ABLs Enjoy New Luster Amid Credit Drought
June 1, 2008
Even as most sources of credit have dried up over the past few months, one has been going strong: the asset-based lending market. In fact, total committed credit lines among asset-based lenders increased 5.6 percent in the first quarter of 2008, reports the Commercial Finance Association (CFA), a New York-based trade group. And this is after a jump of 4.4 percent in the final quarter of 2007. In all, the industry is nearing $500 billion in total loans outstanding.
As its name suggests, asset-based financing refers to loans made against the assets a company uses to operate its business. The assets generally include inventory, capital equipment, and/or real estate.
One driver behind the growth in asset-based loans is, not surprisingly, the tightening lending policies at many banks. “The cash flow [lending] business has tightened, and businesses that need financing have to go somewhere,” says Andrej Suskavcevic, chief executive officer with the CFA.
Moreover, many cash flow lenders are moving away from the excessively low interest rates and skimpy covenants of the past few years, says Gregg Wise, senior managing director with GMAC Commercial Finance's structured finance division. This makes asset-based lending relatively more competitive.
At the same time, a growing number of hedge funds and private equity players are offering asset-based loans, says Suskavcevic. In some cases, an asset-based loan is part of a larger deal. For example, a manufacturer may obtain a cash flow line of credit, along with an asset-backed loan, to support its launch of a new product line.
From the lender's point of view, asset-based financing can be considered less risky than a loan based just on a company's expected cash flows, as the assets offer the lender protection. Even if the company's performance drops drastically, the assets should retain their value. “We look at the balance sheet and income statement, but they don't weigh as heavily on the credit decision,” says Robert Martucci, senior vice president with Rosenthal Business Credit, New York. “This is because we look at the performance of the asset.”
As a result, asset-based loans usually lack the financial covenants that accompany most cash flow loans, Wise notes.

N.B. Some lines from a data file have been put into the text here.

lemma Kinv_rank_one_update:
  fixes x :: "'n::{finite,linorder} \<Rightarrow> real"
  assumes K: "\<And>l p. l \<in> shapeI \<Longrightarrow> p \<in> shapeI \<Longrightarrow>
      Kmat R a m J q l p = (if l = p then \<alpha> else 0) + \<beta> * x l * x p"
    and \<alpha>: "\<alpha> \<noteq> 0" and D: "\<alpha> + \<beta> * (\<Sum>l\<in>shapeI. x l * x l) \<noteq> 0"
  shows "Kinv R a m J q = (\<lambda>k l. if k \<in> shapeI \<and> l \<in> shapeI
      then (if k = l then 1/\<alpha> else 0) - \<beta> * x k * x l / (\<alpha> * (\<alpha> + \<beta> * (\<Sum>l\<in>shapeI. x l * x l)))
      else 0)" (is "_ = ?M")
proof (rule Kinv_eqI)
  show left: "(\<Sum>l\<in>shapeI. ?M k l * Kmat R a m J q l j) = (if k = j then 1 else 0)"
    if "k \<in> shapeI" "j \<in> shapeI" for k j
    using rank_one_update_left_inverse[of shapeI k j \<alpha> \<beta> x] that \<alpha> D
    by (simp add: K cong: sum.cong)
  show "(\<Sum>p\<in>shapeI. Kmat R a m J q l p * ?M p j) = (if l = j then 1 else 0)"
    if "l \<in> shapeI" "j \<in> shapeI" for l j
  proof -
    have "(\<Sum>p\<in>shapeI. Kmat R a m J q l p * ?M p j) = (\<Sum>p\<in>shapeI. ?M j p * Kmat R a m J q p l)"
      using that by (intro sum.cong refl) (simp add: K algebra_simps)
    then show ?thesis
      using left[of j l] that by simp
  qed
qed auto

lemma gyro_diag:
  assumes q: "q \<in> Qspace" and i: "i \<in> shapeI" and j: "j \<in> shapeI" and R: "R \<noteq> 0"
  shows "gyro R a m (diag_mat d) q i j k
    = m * a / R^3 * (Kinv R a m (diag_mat d) q k i * fst q $ j - Kinv R a m (diag_mat d) q k j * fst q $ i)"
proof -
  obtain x g where q_eq: "q = (x, g)" by (cases q)
  have g: "invertible g"
    using Qspace_invertible q q_eq by force
  have shape: "l \<in> shapeI \<longleftrightarrow> l \<noteq> lastI" for l
    by (simp add: shapeI_def)
  let ?K = "Kinv R a m (diag_mat d) q"
  have "gyro R a m (diag_mat d) q i j k
      = (\<Sum>l\<in>shapeI. ?K k l * (m * ((if l = i then a * x$j / R^3 else 0) - (if l = j then a * x$i / R^3 else 0))))"
    unfolding gyro_def q_eq using i j
    by (intro sum.cong refl) (simp add: kmetric_bracket_horL_diag[OF g _ _ _ R] shape)
  also have "\<dots> = (\<Sum>l\<in>shapeI. (if l = i then ?K k i * (m * (a * x$j / R^3)) else 0)
                     - (if l = j then ?K k j * (m * (a * x$i / R^3)) else 0))"
    by (intro sum.cong refl) (auto simp: algebra_simps)
  also have "\<dots> = ?K k i * (m * (a * x$j / R^3)) - ?K k j * (m * (a * x$i / R^3))"
    using i j by (simp add: sum_subtractf)
  finally show ?thesis
    using q_eq by (simp add: algebra_simps)
qed

lemma Kinv_axisymmetric:
  fixes q :: "(real,'n::{finite,linorder}) vec \<times> ((real,'n) vec,'n) vec"
  assumes q: "q \<in> Qspace" and k: "k \<in> shapeI" and l: "l \<in> shapeI"
    and R: "R \<noteq> 0" and m: "m \<ge> 0" and C: "C > 0" and C_eq: "C = J1 + Jn + m * a^2"
  shows "Kinv R a m (diag_mat (\<lambda>i. if i = lastI then Jn else J1)) q k l
    = R^2 / C * ((if k = l then 1 else 0)
                 - m * fst q $ k * fst q $ l / (C + m * (\<Sum>p\<in>shapeI. fst q $ p * fst q $ p)))"
proof -
  obtain x g where q_eq: "q = (x, g)" by (cases q)
  have g: "invertible g"
    using Qspace_invertible q q_eq by force
  define s where "s = (\<Sum>p\<in>shapeI. x $ p * x $ p)"
  define D where "D = C + m * s"
  have "s \<ge> 0"
    unfolding s_def by (simp add: sum_nonneg)
  then have D: "D > 0"
    using C m by (simp add: D_def add_pos_nonneg)
  have "Kmat R a m (diag_mat (\<lambda>i. if i = lastI then Jn else J1)) q l p
      = (if l = p then C / R^2 else 0) + m / R^2 * x $ l * x $ p"
    if "l \<in> shapeI" "p \<in> shapeI" for l p
    using that unfolding q_eq C_eq by (simp add: Kmat_diag[OF g _ _ R] shapeI_def)
  moreover have "C / R^2 + m / R^2 * s = D / R^2"
    by (simp add: D_def add_divide_distrib)
  ultimately have "Kinv R a m (diag_mat (\<lambda>i. if i = lastI then Jn else J1)) q k l
      = (if k = l then 1 / (C / R^2) else 0) - m / R^2 * x $ k * x $ l / (C / R^2 * (D / R^2))"
    using Kinv_rank_one_update[of R a m _ q "C / R^2" "m / R^2" "\<lambda>l. x $ l"] k l R C D
    by (simp add: s_def)
  also have "\<dots> = R^2 / C * ((if k = l then 1 else 0) - m * x $ k * x $ l / D)"
    using R C D by (simp add: field_simps)
  finally show ?thesis
    using q_eq by (simp add: s_def D_def)
qed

For instance, many loans that are tied to a company's cash flow stipulate a maximum debt-to-EBITDA ratio the company can carry. This typically wouldn't be found on an asset-based loan.
This is not to say that asset-based lenders simply open up their checkbooks. They first need to verify the value of the assets backing the loan. So, before lending against machinery, the lender may have an independent appraisal firm value the equipment. If the loan is against inventory, the lender typically will require weekly or monthly reports on inventory levels.